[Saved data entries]

▼

(* Let $H$ and $Z$ be as in the context, and assume $Z_{ijkl}(x)=0$ for all $x\in\mathbb{R}^n_+$ and all $i,j,k,l\in\{1,\dots,n\}$. Then $H_{ik}(x)=0$ for all $x\in\mathbb{R}^n_+$ and all $i,k\in\{1,\dots,n-1\}$.
   Context: Let $n\ge6$, $d=\lfloor\frac{n-2}{2}\rfloor$, $\mathbb{R}^n_+=\{x\in\mathbb{R}^n:x_n\ge0\}$, $\partial\mathbb{R}^n_+=\{x_n=0\}$. Let $H=(H_{ik})$ be a trace-free symmetric two-tensor on $\mathbb{R}^n_+$ whose components are polynomials $H_{ik}(x)=\sum_{2\le|\alpha|\le d}h_{ik,\alpha}x^\alpha$, such that: $H_{in}(x)=0$ for all $x\in\mathbb{R}^n_+$ and all $i$; $\sum_k H_{ik}(x)x_k=0$ for all $x\in\partial\mathbb{R}^n_+$ and all $i$; $\partial_nH_{ik}(x)=0$ for all $x\in\partial\mathbb{R}^n_+$ and all $i,k$. Define $A_{ik}=\sum_m\partial_i\partial_mH_{mk}+\sum_m\partial_m\partial_kH_{im}-\Delta H_{ik}-\frac{1}{n-1}\sum_{m,p}\partial_m\partial_pH_{mp}\,\delta_{ik}$ and $Z_{ijkl}=\partial_i\partial_kH_{jl}-\partial_i\partial_lH_{jk}-\partial_j\partial_kH_{il}+\partial_j\partial_lH_{ik}+\frac{1}{n-2}(A_{jl}\delta_{ik}-A_{jk}\delta_{il}-A_{il}\delta_{jk}+A_{ik}\delta_{jl})$. *)

theory Defs
  imports "HOL-Analysis.Analysis"
begin

text \<open>Points of R^n are functions nat => real; coordinate x_{m+1} of the paper is x m
  (indices shifted to 0..n-1; the normal coordinate x_n is x (n-1)).
  Coordinates with index >= n are irrelevant.\<close>

definition half_space :: "nat \<Rightarrow> (nat \<Rightarrow> real) set" where
  "half_space n = {x. x (n - 1) \<ge> 0}"

definition boundary :: "nat \<Rightarrow> (nat \<Rightarrow> real) set" where
  "boundary n = {x. x (n - 1) = 0}"

definition pd :: "nat \<Rightarrow> ((nat \<Rightarrow> real) \<Rightarrow> real) \<Rightarrow> (nat \<Rightarrow> real) \<Rightarrow> real" where
  "pd i f x = deriv (\<lambda>t. f (x(i := t))) (x i)"

definition multi_idx :: "nat \<Rightarrow> nat \<Rightarrow> (nat \<Rightarrow> nat) set" where
  "multi_idx n d = {\<alpha>. (\<forall>j. n \<le> j \<longrightarrow> \<alpha> j = 0) \<and> 2 \<le> sum \<alpha> {..<n} \<and> sum \<alpha> {..<n} \<le> d}"

definition monom :: "nat \<Rightarrow> (nat \<Rightarrow> nat) \<Rightarrow> (nat \<Rightarrow> real) \<Rightarrow> real" where
  "monom n \<alpha> x = (\<Prod>j<n. x j ^ \<alpha> j)"

definition kron :: "nat \<Rightarrow> nat \<Rightarrow> real" where
  "kron i k = (if i = k then 1 else 0)"

definition A_tensor :: "nat \<Rightarrow> (nat \<Rightarrow> nat \<Rightarrow> (nat \<Rightarrow> real) \<Rightarrow> real)
    \<Rightarrow> nat \<Rightarrow> nat \<Rightarrow> (nat \<Rightarrow> real) \<Rightarrow> real" where
  "A_tensor n H i k x =
     (\<Sum>m<n. pd i (pd m (H m k)) x) + (\<Sum>m<n. pd m (pd k (H i m)) x)
     - (\<Sum>m<n. pd m (pd m (H i k)) x)
     - (1 / (real n - 1)) * (\<Sum>m<n. \<Sum>p<n. pd m (pd p (H m p)) x) * kron i k"

definition Z_tensor :: "nat \<Rightarrow> (nat \<Rightarrow> nat \<Rightarrow> (nat \<Rightarrow> real) \<Rightarrow> real)
    \<Rightarrow> nat \<Rightarrow> nat \<Rightarrow> nat \<Rightarrow> nat \<Rightarrow> (nat \<Rightarrow> real) \<Rightarrow> real" where
  "Z_tensor n H i j k l x =
     pd i (pd k (H j l)) x - pd i (pd l (H j k)) x - pd j (pd k (H i l)) x + pd j (pd l (H i k)) x
     + (1 / (real n - 2)) * (A_tensor n H j l x * kron i k - A_tensor n H j k x * kron i l
                            - A_tensor n H i l x * kron j k + A_tensor n H i k x * kron j l)"

end

theory Submission
  imports Defs "HOL-Computational_Algebra.Polynomial"
begin

(* Consequence: if a sum of homogeneous polynomials of distinct degrees
      vanishes on a scaling-invariant set, so does each summand.
   2. Two inductions on the degree, on the boundary hyperplane and in the interior:
      (a) a homogeneous f with f = \<mu> |x|^2 \<Delta>_T f on the boundary and \<mu> \<le> 0 vanishes there
          (\<Delta>_T = tangential Laplacian);
      (b) a tangential tensor G with (n-3) \<partial>_n^2 G = -R(G), R built from tangential derivatives,
          vanishes if G and \<partial>_n G vanish on the boundary.
   3. For H homogeneous of degree m \<ge> 2 (locale hom_Z_flat): the divergence of Z gives the
      Cotton-type symmetry \<partial>_k A_jl = \<partial>_l A_jk; contracting Z with x_i x_k on the boundary shows
      that \<phi> = x_i x_k A_ik satisfies (a), whence A and then H vanish tangentially on the boundary;
      the component Z_{jnln} gives the relation of (b), whence H_{jl} = 0 everywhere.
   4. A general H is the sum of its homogeneous components (locale hom_decomposition); by 1 every
      hypothesis passes to each component, so 3 applies to each of them. *)

section \<open>Partial derivatives along coordinate lines\<close>

definition coord_diff :: "((nat \<Rightarrow> real) \<Rightarrow> real) \<Rightarrow> bool" where
  "coord_diff f \<longleftrightarrow> (\<forall>i x t. ((\<lambda>s. f (x(i:=s))) has_real_derivative pd i f (x(i:=t))) (at t))"

lemma pd_from_deriv:
  assumes "\<And>x t. ((\<lambda>s. f (x(i:=s))) has_real_derivative g (x(i:=t))) (at t)"
  shows "pd i f = g"
proof
  fix x
  have "deriv (\<lambda>s. f (x(i:=s))) (x i) = g (x(i:= x i))"
    by (rule DERIV_imp_deriv[OF assms])
  then show "pd i f x = g x" by (simp add: pd_def)
qed

lemma coord_diffD:
  "coord_diff f \<Longrightarrow> ((\<lambda>s. f (x(i:=s))) has_real_derivative pd i f (x(i:=t))) (at t)"
  by (simp add: coord_diff_def)

lemma pd_const [simp]: "pd i (\<lambda>x. c) = (\<lambda>x. 0)"
  by (rule pd_from_deriv) simp

lemma pd_coord [simp]: "pd i (\<lambda>x. x j) = (\<lambda>x. if i = j then 1 else 0)"
proof (rule pd_from_deriv)
  fix x :: "nat \<Rightarrow> real" and t
  show "((\<lambda>s. (x(i:=s)) j) has_real_derivative (if i = j then 1 else 0)) (at t)"
    by (cases "i = j") (auto intro!: derivative_eq_intros)
qed

lemma pd_add:
  "coord_diff f \<Longrightarrow> coord_diff g \<Longrightarrow> pd i (\<lambda>x. f x + g x) = (\<lambda>x. pd i f x + pd i g x)"
  by (rule pd_from_deriv) (auto intro!: derivative_eq_intros coord_diffD)

lemma pd_minus:
  "coord_diff f \<Longrightarrow> coord_diff g \<Longrightarrow> pd i (\<lambda>x. f x - g x) = (\<lambda>x. pd i f x - pd i g x)"
  by (rule pd_from_deriv) (auto intro!: derivative_eq_intros coord_diffD)

lemma pd_mult:
  "coord_diff f \<Longrightarrow> coord_diff g \<Longrightarrow> pd i (\<lambda>x. f x * g x) = (\<lambda>x. pd i f x * g x + f x * pd i g x)"
  by (rule pd_from_deriv) (auto intro!: derivative_eq_intros coord_diffD)

lemma pd_sum:
  "(\<And>m. m \<in> S \<Longrightarrow> coord_diff (F m)) \<Longrightarrow> pd i (\<lambda>x. \<Sum>m\<in>S. F m x) = (\<lambda>x. \<Sum>m\<in>S. pd i (F m) x)"
  by (rule pd_from_deriv) (auto intro!: derivative_eq_intros coord_diffD)

lemma pd_cmult: "coord_diff f \<Longrightarrow> pd i (\<lambda>x. c * f x) = (\<lambda>x. c * pd i f x)"
  using pd_mult[of "\<lambda>x. c" f i] by (simp add: coord_diff_def)

lemma pd_neg: "coord_diff f \<Longrightarrow> pd i (\<lambda>x. - f x) = (\<lambda>x. - pd i f x)"
  using pd_cmult[of f i "-1"] by simp

lemma pd_div: "coord_diff f \<Longrightarrow> pd i (\<lambda>x. f x / c) = (\<lambda>x. pd i f x / c)"
  using pd_cmult[of f i "inverse c"] by (simp add: divide_inverse mult.commute)

lemma vanish_from_hyperplane:
  assumes "coord_diff f" and "coord_diff (pd i f)"
    and "\<And>y. pd i (pd i f) y = 0"
    and "f (x(i := 0)) = 0" and "pd i f (x(i := 0)) = 0"
  shows "f x = 0"
proof -
  have "\<forall>t. ((\<lambda>s. pd i f (x(i:=s))) has_real_derivative 0) (at t)"
    using coord_diffD[OF assms(2), of x i] assms(3) by simp
  then have "pd i f (x(i:=t)) = 0" for t
    using DERIV_isconst_all assms(5) by metis
  then have "\<forall>t. ((\<lambda>s. f (x(i:=s))) has_real_derivative 0) (at t)"
    using coord_diffD[OF assms(1), of x i] by simp
  then have "f (x(i:= x i)) = f (x(i:=0))" using DERIV_isconst_all by blast
  then show ?thesis using assms(4) by simp
qed

inductive poly_fun :: "((nat \<Rightarrow> real) \<Rightarrow> real) \<Rightarrow> bool" where
  const: "poly_fun (\<lambda>x. c)"
| coord: "poly_fun (\<lambda>x. x j)"
| add: "poly_fun f \<Longrightarrow> poly_fun g \<Longrightarrow> poly_fun (\<lambda>x. f x + g x)"
| mult: "poly_fun f \<Longrightarrow> poly_fun g \<Longrightarrow> poly_fun (\<lambda>x. f x * g x)"

lemma poly_fun_coord_diff_pd: "poly_fun f \<Longrightarrow> coord_diff f \<and> poly_fun (pd i f)"
proof (induction rule: poly_fun.induct)
  case (const c) then show ?case by (simp add: coord_diff_def poly_fun.const)
next
  case (coord j) then show ?case
    by (auto simp: coord_diff_def poly_fun.const intro!: derivative_eq_intros)
next
  case (add f g) then show ?case
    by (simp add: pd_add poly_fun.add coord_diff_def[of "\<lambda>x. f x + g x"])
       (auto intro!: derivative_eq_intros coord_diffD)
next
  case (mult f g) then show ?case
    by (simp add: pd_mult pd_add poly_fun.add poly_fun.mult coord_diff_def[of "\<lambda>x. f x * g x"])
       (auto intro!: derivative_eq_intros coord_diffD)
qed

lemma poly_fun_coord_diff [simp]: "poly_fun f \<Longrightarrow> coord_diff f"
  and poly_fun_pd [simp]: "poly_fun f \<Longrightarrow> poly_fun (pd i f)"
  using poly_fun_coord_diff_pd by blast+

lemma poly_fun_const [simp]: "poly_fun (\<lambda>x. c)"
  and poly_fun_coord [simp]: "poly_fun (\<lambda>x. x j)"
  and poly_fun_add [simp]: "poly_fun f \<Longrightarrow> poly_fun g \<Longrightarrow> poly_fun (\<lambda>x. f x + g x)"
  and poly_fun_mult [simp]: "poly_fun f \<Longrightarrow> poly_fun g \<Longrightarrow> poly_fun (\<lambda>x. f x * g x)"
  by (fact poly_fun.intros)+

lemma poly_fun_minus [simp]: "poly_fun f \<Longrightarrow> poly_fun g \<Longrightarrow> poly_fun (\<lambda>x. f x - g x)"
  using poly_fun.add[of f "\<lambda>x. (-1) * g x"] poly_fun.mult[OF poly_fun.const, of g "-1"] by simp

lemma poly_fun_div [simp]: "poly_fun f \<Longrightarrow> poly_fun (\<lambda>x. f x / c)"
  using poly_fun.mult[of f "\<lambda>x. inverse c"] poly_fun.const by (simp add: divide_inverse)

lemma poly_fun_sum [simp]: "(\<And>m. m \<in> S \<Longrightarrow> poly_fun (F m)) \<Longrightarrow> poly_fun (\<lambda>x. \<Sum>m\<in>S. F m x)"
  by (induction S rule: infinite_finite_induct) simp_all

lemma pd_comm: "poly_fun f \<Longrightarrow> pd i (pd j f) = pd j (pd i f)"
  by (induction rule: poly_fun.induct) (simp_all add: pd_add pd_mult algebra_simps)

section \<open>Homogeneous polynomials\<close>

inductive hom_poly :: "nat \<Rightarrow> nat \<Rightarrow> ((nat \<Rightarrow> real) \<Rightarrow> real) \<Rightarrow> bool" for n where
  zero: "hom_poly n e (\<lambda>x. 0)"
| const: "hom_poly n 0 (\<lambda>x. c)"
| coord: "j < n \<Longrightarrow> hom_poly n 1 (\<lambda>x. x j)"
| add: "hom_poly n e f \<Longrightarrow> hom_poly n e g \<Longrightarrow> hom_poly n e (\<lambda>x. f x + g x)"
| mult: "hom_poly n e f \<Longrightarrow> hom_poly n e' g \<Longrightarrow> hom_poly n (e + e') (\<lambda>x. f x * g x)"

lemma hom_poly_poly_fun [simp]: "hom_poly n e f \<Longrightarrow> poly_fun f"
  by (induction rule: hom_poly.induct) auto

lemma pd_hom_poly_0: "hom_poly n e f \<Longrightarrow> e = 0 \<Longrightarrow> pd i f = (\<lambda>x. 0)"
  by (induction rule: hom_poly.induct) (simp_all add: pd_add pd_mult)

▲

● **Work to be completed**
Would you print, exactly as written, every line above from the one holding "f \<Longrightarrow> poly_fun (\<lambda>x." through the one holding "section \<open>Homogeneous polynomials\<close>", with both included and no other lines?

● **Finished exercise**
lemma poly_fun_div [simp]: "poly_fun f \<Longrightarrow> poly_fun (\<lambda>x. f x / c)"
  using poly_fun.mult[of f "\<lambda>x. inverse c"] poly_fun.const by (simp add: divide_inverse)

lemma poly_fun_sum [simp]: "(\<And>m. m \<in> S \<Longrightarrow> poly_fun (F m)) \<Longrightarrow> poly_fun (\<lambda>x. \<Sum>m\<in>S. F m x)"
  by (induction S rule: infinite_finite_induct) simp_all

lemma pd_comm: "poly_fun f \<Longrightarrow> pd i (pd j f) = pd j (pd i f)"
  by (induction rule: poly_fun.induct) (simp_all add: pd_add pd_mult algebra_simps)

section \<open>Homogeneous polynomials\<close>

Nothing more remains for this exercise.